# How do I add photos to my thread?



## Colnago Master (May 6, 2014)

Sorry but I'm a technophobe.


----------



## Mrboots2u (May 10, 2013)

Colnago Master said:


> Sorry but I'm a technophobe.


Are you you you pc mac ipad phone browser tapatalk ...?


----------



## The Systemic Kid (Nov 23, 2012)

On the menu bar of each new post, third from right is the upload picture tab. Click on this - make sure 'from this computer' is selected and then click 'choose file' and use it to select the pic you want to appear in your post. Click 'upload' - should appear on your post when you select 'go advanced' button bottom right.


----------



## Mrboots2u (May 10, 2013)

Or using ipad tapatalk click the plus button on the left


----------



## hotmetal (Oct 31, 2013)

I think you ought to post a picture of your bicycle when you get it figured.

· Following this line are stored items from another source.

lemma dual_margin_lipschitz:
  assumes "{f\<in>dual_cone K. norm f = 1} \<noteq> {}"
  shows "1-lipschitz_on A (dual_margin K)"
proof (rule lipschitz_onI)
  have shift: "dual_margin K d \<le> dual_margin K d' + dist d d'" for d d'
  proof -
    have "dual_margin K d - dist d d' \<le> dual_margin K d'"
    proof (rule dual_margin_greatest[OF assms])
      fix f assume f: "f \<in> dual_cone K" "norm f = 1"
      have "\<bar>f \<bullet> (d - d')\<bar> \<le> dist d d'"
        using Cauchy_Schwarz_ineq2[of f "d - d'"] f(2) by (simp add: dist_norm)
      then show "dual_margin K d - dist d d' \<le> f \<bullet> d'"
        using dual_margin_le[OF f, of d] by (simp add: inner_diff_right)
    qed
    then show ?thesis by simp
  qed
  show "dist (dual_margin K x) (dual_margin K y) \<le> 1 * dist x y" for x y
    using shift[of x y] shift[of y x] by (simp add: dist_real_def dist_commute abs_le_iff)
qed simp

lemma regular_cone_pointed:
  assumes "regular_cone K" "v \<in> K" "- v \<in> K"
  shows "v = 0"
proof -
  have "v \<in> uminus ` K" using assms(3) by (metis add.inverse_inverse image_eqI)
  then show ?thesis using assms(1,2) by (auto simp: regular_cone_def)
qed

lemma regular_cone_ne_UNIV:
  fixes K :: "'a::euclidean_space set"
  assumes "regular_cone K"
  shows "K \<noteq> UNIV"
proof
  assume "K = UNIV"
  obtain b :: 'a where "b \<in> Basis" using nonempty_Basis by blast
  then show False using regular_cone_pointed[OF assms, of b] \<open>K = UNIV\<close> by auto
qed

lemma regular_cone_interior_nonzero:
  fixes K :: "'a::euclidean_space set"
  assumes "regular_cone K" "y \<in> interior K"
  shows "y \<noteq> 0"
proof
  assume "y = 0"
  obtain e where e: "e > 0" "ball 0 e \<subseteq> K" using assms(2) \<open>y = 0\<close> mem_interior by blast
  obtain b :: 'a where b: "b \<in> Basis" using nonempty_Basis by blast
  have "(e/2) *\<^sub>R b \<in> K" "- ((e/2) *\<^sub>R b) \<in> K" using e b by (auto intro!: subsetD[OF e(2)])
  then show False using regular_cone_pointed[OF assms(1)] e(1) b by fastforce
qed

lemma regular_cone_dual_sphere_nonempty:
  assumes "regular_cone K"
  shows "{f\<in>dual_cone K. norm f = 1} \<noteq> {}"
proof -
  obtain z where "z \<notin> K" using regular_cone_ne_UNIV[OF assms] by blast
  with assms show ?thesis
    using dual_cone_separation[of K z] by (auto simp: regular_cone_def interior_empty)
qed

lemma Psi_attained:
  assumes "regular_cone K"
  shows "\<exists>d\<in>K. norm d = 1 \<and> dual_margin K d = Psi K \<and>
           (\<forall>d'\<in>K. norm d' = 1 \<longrightarrow> dual_margin K d' \<le> Psi K)"
proof -
  let ?D = "{d\<in>K. norm d = 1}"
  have compact: "compact ?D"
  proof -
    have "?D = K \<inter> sphere 0 1" by auto
    then show ?thesis using assms by (simp add: regular_cone_def closed_Int_compact)
  qed
  have nonempty: "?D \<noteq> {}"
  proof -
    obtain y where y: "y \<in> interior K" using assms by (auto simp: regular_cone_def)
    then have "y /\<^sub>R norm y \<in> ?D"
      using assms regular_cone_interior_nonzero[OF assms y] interior_subset[of K]
      by (auto simp: regular_cone_def cone_def)
    then show ?thesis by blast
  qed
  have cont: "continuous_on ?D (dual_margin K)"
    using dual_margin_lipschitz[OF regular_cone_dual_sphere_nonempty[OF assms]]
    by (rule lipschitz_on_continuous_on)
  obtain d where d: "d \<in> ?D" "\<forall>d'\<in>?D. dual_margin K d' \<le> dual_margin K d"
    using continuous_attains_sup[OF compact nonempty cont] by blast
  have "Psi K = dual_margin K d"
    unfolding Psi_eq_SUP_dual_margin using d by (intro cSup_eq_maximum) blast+
  then show ?thesis using d by auto
qed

I'm wondering if you're the owner of a white Colnago I was talking to in the Paperback coffee shop in South Ealing Road recently.

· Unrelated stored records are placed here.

lemma Omega_tendsto:
  fixes n h l :: "nat \<Rightarrow> nat" and I :: "nat \<Rightarrow> nat set" and j :: "nat \<Rightarrow> nat"
  assumes size: "\<And>k. n k \<ge> 2" "\<And>k. h k \<ge> 1" "\<And>k. l k \<le> (n k - 1) * h k"
    and index: "\<And>k. I k \<subseteq> {1..n k}" "\<And>k. j k \<in> {1..n k} - I k"
    and n: "filterlim n at_top sequentially"
    and \<alpha>: "(\<lambda>k. real (l k) / real (h k)) \<longlonglongrightarrow> \<alpha>"
    and \<beta>: "(\<lambda>k. real (card (I k)) / real (n k)) \<longlonglongrightarrow> \<beta>"
  shows "(\<lambda>k. Omega (n k) (h k) (l k) (I k) (j k) / real (h k)) \<longlonglongrightarrow>
           (1 + \<alpha>) * (1 - exp (- \<alpha> * \<beta>)) + \<alpha> * \<beta> * exp (- \<alpha> * \<beta>)"
proof -
  define x where "x k = real (l k) / real (h k)" for k
  define \<pi> where "\<pi> k = real (l k) / (real (n k - 1) * real (h k))" for k
  define s where "s k = card (I k)" for k
  have real_n_minus_1: "real (n k - 1) = real (n k) - 1" for k
    using size(1)[of k] by (simp add: of_nat_diff)
  have Omega_div: "Omega (n k) (h k) (l k) (I k) (j k) / real (h k)
      = (1 + x k) * (1 - (1 - \<pi> k) ^ s k) + real (s k) * \<pi> k * (1 - \<pi> k) ^ s k" for k
    using Omega_closed_form[OF size index, of k] size(2)[of k]
    by (simp add: x_def \<pi>_def s_def field_simps)
  have "(\<lambda>k. real (n k - 1)) = (\<lambda>k. -1 + real (n k))"
    using real_n_minus_1 by (simp add: fun_eq_iff)
  hence n_minus_1: "filterlim (\<lambda>k. real (n k - 1)) at_top sequentially"
    by (simp only:) (intro filterlim_tendsto_add_at_top[OF tendsto_const]
        filterlim_compose[OF filterlim_real_sequentially n])
  have \<pi>_eq: "\<pi> k = x k / real (n k - 1)" for k
    by (simp add: \<pi>_def x_def)
  have \<pi>: "\<pi> \<longlonglongrightarrow> 0"
    unfolding \<pi>_eq[abs_def] x_def
    by (rule tendsto_divide_0[OF \<alpha> filterlim_at_top_imp_at_infinity[OF n_minus_1]])
  have s\<pi>_eq: "real (s k) * \<pi> k
      = real (card (I k)) / real (n k) * (1 + 1 / real (n k - 1)) * x k" for k
    using size(1,2)[of k] by (simp add: \<pi>_def x_def s_def real_n_minus_1 field_simps)
  have s\<pi>: "(\<lambda>k. real (s k) * \<pi> k) \<longlonglongrightarrow> \<alpha> * \<beta>"
  proof -
    have "(\<lambda>k. real (s k) * \<pi> k) \<longlonglongrightarrow> \<beta> * (1 + 0) * \<alpha>"
      unfolding s\<pi>_eq x_def
      by (intro tendsto_mult tendsto_add tendsto_const \<alpha> \<beta>
          tendsto_divide_0[OF tendsto_const filterlim_at_top_imp_at_infinity[OF n_minus_1]])
    thus ?thesis by (simp add: mult.commute)
  qed
  have q: "(\<lambda>k. (1 - \<pi> k) ^ s k) \<longlonglongrightarrow> exp (- \<alpha> * \<beta>)"
    using tendsto_one_minus_power_exp[OF \<pi> s\<pi>] by simp
  have "(\<lambda>k. (1 + x k) * (1 - (1 - \<pi> k) ^ s k) + real (s k) * \<pi> k * (1 - \<pi> k) ^ s k)
      \<longlonglongrightarrow> (1 + \<alpha>) * (1 - exp (- \<alpha> * \<beta>)) + \<alpha> * \<beta> * exp (- \<alpha> * \<beta>)"
    unfolding x_def by (intro tendsto_add tendsto_mult tendsto_diff tendsto_const \<alpha> q s\<pi>)
  thus ?thesis by (simp only: Omega_div)
qed

theorem theorem7:
  shows
  "(\<forall>(n::nat) (h::nat) (l::nat) (I::nat set) (j::nat).
      n \<ge> 2 \<longrightarrow> h \<ge> 1 \<longrightarrow> l \<le> (n - 1) * h \<longrightarrow>
      I \<subseteq> {1..n} \<longrightarrow> j \<in> {1..n} - I \<longrightarrow>
      (let g = real (h + l); \<pi> = real l / (real (n - 1) * real h); \<pi>' = 1 - \<pi>;
           s = card I
       in Omega n h l I j = g * (1 - \<pi>' ^ s) + real s * real h * \<pi> * \<pi>' ^ s))
   \<and>
   (\<forall>(n::nat \<Rightarrow> nat) (h::nat \<Rightarrow> nat) (l::nat \<Rightarrow> nat) (I::nat \<Rightarrow> nat set)
      (j::nat \<Rightarrow> nat) (\<alpha>::real) (\<beta>::real).
      (\<forall>k. n k \<ge> 2 \<and> h k \<ge> 1 \<and> l k \<le> (n k - 1) * h k \<and>
           I k \<subseteq> {1..n k} \<and> j k \<in> {1..n k} - I k) \<longrightarrow>
      filterlim n at_top sequentially \<longrightarrow>
      (\<lambda>k. real (l k) / real (h k)) \<longlonglongrightarrow> \<alpha> \<longrightarrow>
      (\<lambda>k. real (card (I k)) / real (n k)) \<longlonglongrightarrow> \<beta> \<longrightarrow>
      (\<lambda>k. Omega (n k) (h k) (l k) (I k) (j k) / real (h k)) \<longlonglongrightarrow>
        (1 + \<alpha>) * (1 - exp (- \<alpha> * \<beta>)) + \<alpha> * \<beta> * exp (- \<alpha> * \<beta>))"
  (is "?closed_form \<and> ?limit")
proof
  show ?closed_form
    using Omega_closed_form by (simp add: Let_def)
  show ?limit
  proof (intro allI impI)
    fix n h l :: "nat \<Rightarrow> nat" and I :: "nat \<Rightarrow> nat set" and j :: "nat \<Rightarrow> nat"
      and \<alpha> \<beta> :: real
    assume "\<forall>k. n k \<ge> 2 \<and> h k \<ge> 1 \<and> l k \<le> (n k - 1) * h k \<and>
           I k \<subseteq> {1..n k} \<and> j k \<in> {1..n k} - I k"
      and "filterlim n at_top sequentially"
      and "(\<lambda>k. real (l k) / real (h k)) \<longlonglongrightarrow> \<alpha>"
      and "(\<lambda>k. real (card (I k)) / real (n k)) \<longlonglongrightarrow> \<beta>"
    thus "(\<lambda>k. Omega (n k) (h k) (l k) (I k) (j k) / real (h k)) \<longlonglongrightarrow>
        (1 + \<alpha>) * (1 - exp (- \<alpha> * \<beta>)) + \<alpha> * \<beta> * exp (- \<alpha> * \<beta>)"
      by (intro Omega_tendsto) blast+
  qed
qed

end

Then again, I imagine that there are lots of guys into coffee and road bikes. And hifi. And motorbikes. (No wonder I can't afford a flashy coffee machine yet&#8230


----------



## Mouse (Feb 28, 2014)

Be prepared for your photos to potentially end up being every which way... but the right way up









It's all part of the fun of adding a photo for me!


----------



## hotmetal (Oct 31, 2013)

Mouse said:


> Be prepared for your photos to potentially end up being every which way... but the right way up


So long as he knows his panarello from his Pinarello it'll all be good!

(I'll get me coat)


----------



## Alfow (May 9, 2014)

Helpful advice here, thanks. Will attempt to add pics of my Pavoni machine in the for sale section soon.


----------



## Colnago Master (May 6, 2014)

hotmetal said:


> I think you ought to post a picture of your bicycle when you get it figured.
> 
> I'm wondering if you're the owner of a white Colnago I was talking to in the Paperback coffee shop in South Ealing Road recently.
> 
> Then again, I imagine that there are lots of guys into coffee and road bikes. And hifi. And motorbikes. (No wonder I can't afford a flashy coffee machine yet&#8230


Mine is a red bike which I posted on another thread showing off my pizza oven. Funny, it's a coffee forum and my machine is knackered which is the original reason for joining the forum.

Now though, continuing the techno illiterate theme, should I get emails when I get replies to my posts?

Also tapatalk won't let me log in. I have the option to join or change my password only.


----------



## hotmetal (Oct 31, 2013)

Hi CM. I'm not sure about your Tapatalk issues, but I sometimes have problems with it force closing. When it works I usually have to go back by pressing the orange T and signing in, but not had any problems doing so.

I think if you want email notifications to subscribed posts that's a setting in your forum profile that you have to tick. And if you want to enable it on a post by post basis when replying using a Web browser, you have to do it as an 'advanced' or 'full' post rather than a 'quick reply', then it gives you an option at the bottom. (I'm saying this from my experience with a bike forum, so it may be different on here).


----------